– Доброе утро.
Я едва не подскакиваю от неожиданности. Оборачиваюсь. Передо мной – женщина, на первый взгляд незнакомая. Плащ подбит лисьим мехом. На руках тонкие лайковые перчатки. Под капюшоном рыжий задорный локон. Жанет! Княгиня Караччиолли, самозваная принцесса д’Анжу. Смиренно сложив руки, улыбается. Глаза таинственно блестят. Я не слышал ее шагов. Она ступила ко мне прямо из тумана, из-под белесой завесы, не потревожив башмаком лиственный саван. Будто веса в ней не больше, чем в облаке. А может быть, она только что сотворила свое тело из подвернувшихся ей лоскутков, прохладных капель и сумрачных теней?
– Как… вы?.. Почему? Что вы здесь делаете?
– Я кое-что забыла… В нашу первую и последнюю встречу, у меня не хватило времени.
– Но как вы?..
И тут меня осеняет. Липпо! Ну конечно же, интрига продолжается. Его совет прогуляться на рассвете все равно что вызвать меня на свидание. Он дал мне эту рекомендацию с ведома Жанет или даже по ее просьбе. Какая пьеса! А я и не догадывался.
– Вы знали, что я приду, – срывается с моих губ. – Рано утром. Понятно, это Липпо. Но откуда вы узнали, что именно сюда?
– Ваш парень подсказал, этот… как его… Любен.
– Любен?! Не может быть! Но…
– Как мне это удалось? Это несложно.
Она извлекает из расшитого кошелька, который красуется у нее на поясе, золотую монету и подбрасывает ее в воздух. Ловит и раскрывает ладонь. Монета блестит унылым монаршим профилем. Ее коронованный брат скучающе пятит губы.
– Очень весомый аргумент, – поясняет Жанет. – Особенно, если не один.
– Любен обязан донести…
– Не донесет. Он силен, как Полифем, но, к счастью, не настолько глуп. Он будет молчать.
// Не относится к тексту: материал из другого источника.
(* Let $M$ be a graded generalized Eulerian $A_n(K)$-module, $n\ge2$. Then $H_1(X_n;M)=\ker(X_n\colon M(-1)\to M)$ and $H_0(X_n;M)=M/X_nM$ are generalized Eulerian $A_{n-1}(K)$-modules.
   Context: $K$ is a field of characteristic zero; $A_n(K)=K\langle X_1,\dots,X_n,\partial_1,\dots,\partial_n\rangle$ graded by $\deg X_i=1$, $\deg\partial_i=-1$; $A_{n-1}(K)\subseteq A_n(K)$ is generated by $X_1,\dots,X_{n-1},\partial_1,\dots,\partial_{n-1}$ and acts on $H_1(X_n;M)$ and $H_0(X_n;M)$. $\mathcal E_m=\sum_{i=1}^mX_i\partial_i$; $|z|$ is the degree of homogeneous $z$. A graded $A_m(K)$-module $M$ is generalized Eulerian if for every homogeneous $z$ there is $a\ge1$ with $(\mathcal E_m-|z|)^az=0$. $M(l)_j=M_{j+l}$. *)

theory Defs
  imports Main "HOL.Vector_Spaces"
begin

text \<open>A left A_n(K)-module is a K-vector space together with K-linear operators
  X i, D i (i = 1..n) satisfying the Weyl algebra relations (A_n(K) is presented
  by these generators and relations).\<close>
definition weyl_module ::
  "('k::field \<Rightarrow> 'm::ab_group_add \<Rightarrow> 'm) \<Rightarrow> nat \<Rightarrow> (nat \<Rightarrow> 'm \<Rightarrow> 'm) \<Rightarrow> (nat \<Rightarrow> 'm \<Rightarrow> 'm) \<Rightarrow> bool"
where "weyl_module scale n X D \<longleftrightarrow>
   vector_space scale \<and>
   (\<forall>i\<in>{1..n}. Vector_Spaces.linear scale scale (X i) \<and> Vector_Spaces.linear scale scale (D i)) \<and>
   (\<forall>i\<in>{1..n}. \<forall>j\<in>{1..n}. \<forall>v.
       X i (X j v) = X j (X i v) \<and> D i (D j v) = D j (D i v) \<and>
       D i (X j v) - X j (D i v) = (if i = j then v else 0))"

definition graded_weyl_module ::
  "('k::field \<Rightarrow> 'm::ab_group_add \<Rightarrow> 'm) \<Rightarrow> nat \<Rightarrow> (nat \<Rightarrow> 'm \<Rightarrow> 'm) \<Rightarrow> (nat \<Rightarrow> 'm \<Rightarrow> 'm)
    \<Rightarrow> (int \<Rightarrow> 'm set) \<Rightarrow> bool"
where "graded_weyl_module scale n X D G \<longleftrightarrow>
   weyl_module scale n X D \<and>
   (\<forall>j. module.subspace scale (G j)) \<and>
   (\<forall>v. \<exists>!f::int \<Rightarrow> 'm. finite {j. f j \<noteq> 0} \<and> (\<forall>j. f j \<in> G j) \<and>
          v = (\<Sum>j\<in>{j. f j \<noteq> 0}. f j)) \<and>
   (\<forall>i\<in>{1..n}. \<forall>j. X i ` G j \<subseteq> G (j + 1) \<and> D i ` G j \<subseteq> G (j - 1))"

definition euler :: "(nat \<Rightarrow> 'm \<Rightarrow> 'm) \<Rightarrow> (nat \<Rightarrow> 'm \<Rightarrow> 'm) \<Rightarrow> nat \<Rightarrow> 'm \<Rightarrow> 'm::ab_group_add"
  where "euler X D m v = (\<Sum>i=1..m. X i (D i v))"

definition shift :: "(int \<Rightarrow> 'm set) \<Rightarrow> int \<Rightarrow> int \<Rightarrow> 'm set"
  where "shift G l j = G (j + l)"

text \<open>Generalized Eulerian property for the graded A_m(K)-module with homogeneous
  components G j, taken modulo the (graded) submodule N: a homogeneous class of
  degree j is represented by z in G j, and the class is zero iff it lies in N.
  With N = {0} this is exactly the definition for the module itself.\<close>
definition gen_eulerian ::
  "('k::field \<Rightarrow> 'm::ab_group_add \<Rightarrow> 'm) \<Rightarrow> nat \<Rightarrow> (nat \<Rightarrow> 'm \<Rightarrow> 'm) \<Rightarrow> (nat \<Rightarrow> 'm \<Rightarrow> 'm)
    \<Rightarrow> (int \<Rightarrow> 'm set) \<Rightarrow> 'm set \<Rightarrow> bool"
where "gen_eulerian scale m X D G N \<longleftrightarrow>
   (\<forall>j. \<forall>z\<in>G j. \<exists>a::nat. a \<ge> 1 \<and>
      ((\<lambda>v. euler X D m v - scale (of_int j) v) ^^ a) z \<in> N)"

end

theory Submission
  imports Defs
begin

text \<open>Split the Euler operator as \<open>E\<^sub>n = E\<^sub>n\<^sub>-\<^sub>1 + X\<^sub>n\<partial>\<^sub>n\<close>; \<open>E\<^sub>n\<^sub>-\<^sub>1\<close> commutes with \<open>X\<^sub>n\<close>.
  On \<open>ker X\<^sub>n\<close> the relation \<open>\<partial>\<^sub>nX\<^sub>n - X\<^sub>n\<partial>\<^sub>n = 1\<close> gives \<open>X\<^sub>n\<partial>\<^sub>n = -1\<close>, so there
  \<open>E\<^sub>n - (j - 1) = E\<^sub>n\<^sub>-\<^sub>1 - j\<close>, which accounts for the shift \<open>M(-1)\<close>; and modulo \<open>X\<^sub>nM\<close>
  the operators \<open>E\<^sub>n\<close> and \<open>E\<^sub>n\<^sub>-\<^sub>1\<close> agree. In both cases nilpotence of \<open>E\<^sub>n - |z|\<close> on
  \<open>z\<close> transfers to \<open>E\<^sub>n\<^sub>-\<^sub>1\<close>.\<close>

lemma funpow_eq_on_invariant:
  assumes "z \<in> S" and "\<And>v. v \<in> S \<Longrightarrow> L v \<in> S" and "\<And>v. v \<in> S \<Longrightarrow> T v = L v"
  shows "(T ^^ k) z = (L ^^ k) z \<and> (L ^^ k) z \<in> S"
  by (induction k) (use assms in auto)

lemma funpow_diff_mem_invariant_subgroup:
  assumes "additive L"
    and "0 \<in> N" and "\<And>a b. a \<in> N \<Longrightarrow> b \<in> N \<Longrightarrow> a + b \<in> N"
    and "\<And>v. v \<in> N \<Longrightarrow> L v \<in> N"
    and "\<And>v. L v - T v \<in> N"
  shows "(L ^^ k) z - (T ^^ k) z \<in> N"
proof (induction k)
  case 0
  show ?case using assms(2) by simp
next
  case (Suc k)
  let ?l = "(L ^^ k) z" and ?t = "(T ^^ k) z"
  have "L ?l - T ?t = L (?l - ?t) + (L ?t - T ?t)"
    by (simp add: additive.diff[OF assms(1)])
  moreover have "L (?l - ?t) + (L ?t - T ?t) \<in> N"
    using Suc assms(3-5) by blast
  ultimately show ?case by (simp add: add_diff_eq)
qed

lemma linear_additive: "Vector_Spaces.linear s1 s2 f \<Longrightarrow> additive f"
  by (simp add: additive.intro linear_iff)

lemma euler_Suc: "euler X D (Suc m) v = euler X D m v + X (Suc m) (D (Suc m) v)"
  by (simp add: euler_def)

context
  fixes scale :: "'k::field \<Rightarrow> 'm::ab_group_add \<Rightarrow> 'm"
    and n :: nat and X D :: "nat \<Rightarrow> 'm \<Rightarrow> 'm"
  assumes weyl: "weyl_module scale n X D"
begin

lemma weyl_vector_space: "vector_space scale"
  using weyl by (simp add: weyl_module_def)

interpretation vector_space scale
  by (rule weyl_vector_space)

lemma weyl_linear_X: "i \<in> {1..n} \<Longrightarrow> Vector_Spaces.linear scale scale (X i)"
  using weyl by (simp add: weyl_module_def)

lemma weyl_linear_D: "i \<in> {1..n} \<Longrightarrow> Vector_Spaces.linear scale scale (D i)"
  using weyl by (simp add: weyl_module_def)

lemma weyl_X_commute: "i \<in> {1..n} \<Longrightarrow> j \<in> {1..n} \<Longrightarrow> X i (X j v) = X j (X i v)"
  using weyl by (simp add: weyl_module_def)

lemma weyl_D_X_commutator:
  "i \<in> {1..n} \<Longrightarrow> j \<in> {1..n} \<Longrightarrow> D i (X j v) - X j (D i v) = (if i = j then v else 0)"
  using weyl by (simp add: weyl_module_def)

lemma additive_shifted_euler:
  assumes "m \<le> n"
  shows "additive (\<lambda>v. euler X D m v - scale c v)"
proof
  fix x y
  have "X i (D i (x + y)) = X i (D i x) + X i (D i y)" if "i \<in> {1..m}" for i
    using that assms linear_additive[OF weyl_linear_X] linear_additive[OF weyl_linear_D]
    by (simp add: additive.add)
  then have "euler X D m (x + y) = euler X D m x + euler X D m y"
    unfolding euler_def by (simp add: sum.distrib)
  then show "euler X D m (x + y) - scale c (x + y) = (euler X D m x - scale c x) + (euler X D m y - scale c y)"
    by (simp add: scale_right_distrib)
qed

lemma X_commute_shifted_euler:
  assumes "m < n"
  shows "X n (euler X D m v - scale c v) = euler X D m (X n v) - scale c (X n v)"
proof -
  have n: "n \<in> {1..n}" using assms by simp
  interpret Xn: module_hom scale scale "X n"
    using weyl_linear_X[OF n] by (simp add: linear_iff_module_hom)
  have "X n (X i (D i v)) = X i (D i (X n v))" if "i \<in> {1..m}" for i
    using that assms weyl_X_commute[OF n, of i] weyl_D_X_commutator[of i n v] by simp
  then have "X n (euler X D m v) = euler X D m (X n v)"
    unfolding euler_def Xn.sum by (rule sum.cong[OF refl])
  then show ?thesis by (simp add: Xn.diff Xn.scale)
qed

lemma euler_on_kernel_last_X:
  assumes "0 < n" and "X n w = 0"
  shows "euler X D n w = euler X D (n - 1) w - w"
proof -
  have n: "n \<in> {1..n}" using assms(1) by simp
  have "D n (X n w) = 0"
    using assms(2) additive.zero[OF linear_additive[OF weyl_linear_D[OF n]]] by simp
  then have "X n (D n w) = - w"
    using weyl_D_X_commutator[OF n n, of w] by (simp add: minus_equation_iff)
  then show ?thesis
    using euler_Suc[of X D "n - 1" w] assms(1) by simp
qed

lemma gen_eulerian_kernel_last_X:
  assumes "0 < n" and "gen_eulerian scale n X D G {0}"
  shows "gen_eulerian scale (n - 1) X D (\<lambda>j. shift G (-1) j \<inter> {z. X n z = 0}) {0}"
  unfolding gen_eulerian_def
proof (intro allI ballI)
  fix j z assume "z \<in> shift G (-1) j \<inter> {z. X n z = 0}"
  then have z: "z \<in> G (j + -1)" "X n z = 0" by (auto simp: shift_def)
  define T where "T v = euler X D n v - scale (of_int (j + -1)) v" for v
  define L where "L v = euler X D (n - 1) v - scale (of_int j) v" for v
  obtain a where a: "a \<ge> 1" "(T ^^ a) z = 0"
    using assms(2) z(1) unfolding gen_eulerian_def T_def by fastforce
  have "X n (L v) = 0" if "X n v = 0" for v
    using that assms(1) X_commute_shifted_euler[of "n - 1"]
      additive.zero[OF additive_shifted_euler[of "n - 1"]]
    by (simp add: L_def)
  moreover have "T v = L v" if "X n v = 0" for v
    using that assms(1) euler_on_kernel_last_X[of v]
    by (simp add: T_def L_def scale_left_diff_distrib)
  ultimately have "(T ^^ a) z = (L ^^ a) z"
    using funpow_eq_on_invariant[of z "{v. X n v = 0}" L T] z(2) by simp
  then show "\<exists>a\<ge>1. ((\<lambda>v. euler X D (n - 1) v - scale (of_int j) v) ^^ a) z \<in> {0}"
    using a by (auto simp: L_def[abs_def])
qed

lemma gen_eulerian_mod_last_X:
  assumes "0 < n" and "gen_eulerian scale n X D G {0}"
  shows "gen_eulerian scale (n - 1) X D G (range (X n))"
  unfolding gen_eulerian_def
proof (intro allI ballI)
  fix j z assume z: "z \<in> G j"
  define T where "T v = euler X D n v - scale (of_int j) v" for v
  define L where "L v = euler X D (n - 1) v - scale (of_int j) v" for v
  have n: "n \<in> {1..n}" using assms(1) by simp
  have Xn: "additive (X n)" using linear_additive[OF weyl_linear_X[OF n]] .
  obtain a where a: "a \<ge> 1" "(T ^^ a) z = 0"
    using assms(2) z unfolding gen_eulerian_def T_def by fastforce
  have "L v - T v = X n (- D n v)" for v
    using euler_Suc[of X D "n - 1" v] assms(1) by (simp add: L_def T_def additive.minus[OF Xn])
  moreover have "L (X n v) = X n (L v)" for v
    using X_commute_shifted_euler[of "n - 1"] assms(1) by (simp add: L_def)
  moreover have "additive L"
    using additive_shifted_euler[of "n - 1"] by (simp add: L_def[abs_def])
  ultimately have "(L ^^ a) z - (T ^^ a) z \<in> range (X n)"
    by (intro funpow_diff_mem_invariant_subgroup)
      (auto simp: additive.add[OF Xn, symmetric] rev_image_eqI[of 0 UNIV 0 "X n"] additive.zero[OF Xn])
  then show "\<exists>a\<ge>1. ((\<lambda>v. euler X D (n - 1) v - scale (of_int j) v) ^^ a) z \<in> range (X n)"
    using a by (auto simp: L_def[abs_def])
qed

end

theorem mainTheorem9:
  fixes scale :: "'k::field_char_0 \<Rightarrow> 'm::ab_group_add \<Rightarrow> 'm"
    and n :: nat
    and X D :: "nat \<Rightarrow> 'm \<Rightarrow> 'm"
    and G :: "int \<Rightarrow> 'm set"
  assumes "n \<ge> 2"
    and "graded_weyl_module scale n X D G"
    and "gen_eulerian scale n X D G {0}"
  shows "gen_eulerian scale (n - 1) X D (\<lambda>j. shift G (-1) j \<inter> {z. X n z = 0}) {0} \<and>
         gen_eulerian scale (n - 1) X D G (range (X n))"
proof -
  have "weyl_module scale n X D" and "0 < n"
    using assms(1,2) by (simp_all add: graded_weyl_module_def)
  then show ?thesis
    using gen_eulerian_kernel_last_X gen_eulerian_mod_last_X assms(3) by blast
qed

end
Я смотрю на нее с изумлением. Ни тени смущения или страха. Глаза сияют. От утренней прохлады щеки у нее раскраснелись, губы чуть полуоткрыты.
– Но… зачем? – вырывается у меня.
Вопрос, который любая женщина оставила бы без ответа, оплела бы ложью, скрыла бы напускной стыдливостью, только бы избежать признания, но только не Жанет. Она продолжает улыбаться, не опускает глаз и спокойно отвечает:
– Чтобы увидеть вас.
– Зачем?
Ничего глупее не придумаешь, но я в таком замешательстве, в таком безукоризненном отпадении от искусства извлечения и составления слов, что произнести и придумать что-либо не в силах.
– Я влюбилась.
Я хотел бы сослаться на туман, на его искажающие, растворяющие свойства, на то, что смысл остался мне неясен, и отмести, отогнать услышанное, как сорвавшийся, закруживший на ветру лист. Я хотел бы ослышаться и стать жертвой обмана. Но она произнесла это без малейшего фонетического огреха, с безупречной дикцией и чистотой, сыграла изумительный аккорд. Но я все-таки переспрашиваю, ибо в ее присутствии непроизвольно глохну.
– Что, простите?
И она терпеливо и даже радостно повторяет.
– Я влюбилась.
В ее глазах золотые мерцающие крупинки. Они плавают, вращаются, соединяются в звезды, я смотрю на нее как зачарованный, будто околдован и обездвижен заклинанием, очень простым, но безумно действенным. Она чуть склоняет голову и смотрит на меня так, что взгляд из-под вскинутых, взведенных ресниц особенно резок. И та же ласковая блуждающая улыбка, что и прежде, зовущая, нежная… Уголок рта чуть подрагивает, не то от нетерпения, не то от тревоги. Влажно поблескивают зубы. Молочно-белый подбородок, от него в тень, вглубь, под завязку плаща уходит линия ее горла, от которого начинается полоска кожи к ее груди, туго схваченной бархатом лифа. Я только угадываю вырез ее платья, но кожа ее матово и призывно светится, как будто там, внутри, находит свой приют изгнанное с небес солнце. Ее темный тяжелый плащ подобен облачному шатру над головой, он непроницаемо тесен и хранит за собой светящийся жар. Он пробивается в ее глазах, в ее улыбке, в прядях, что выбились и горят у нее на лбу. Она соперничает со светилом, что таится за горизонтом и дарует свой свет лишь благодаря капризу. Солнце разорвет облачную завесу, а она сделает шаг и распахнет плащ. И она делает шаг. Я отступаю, но позади меня поросший диким виноградом каменный цоколь. Бежать мне некуда.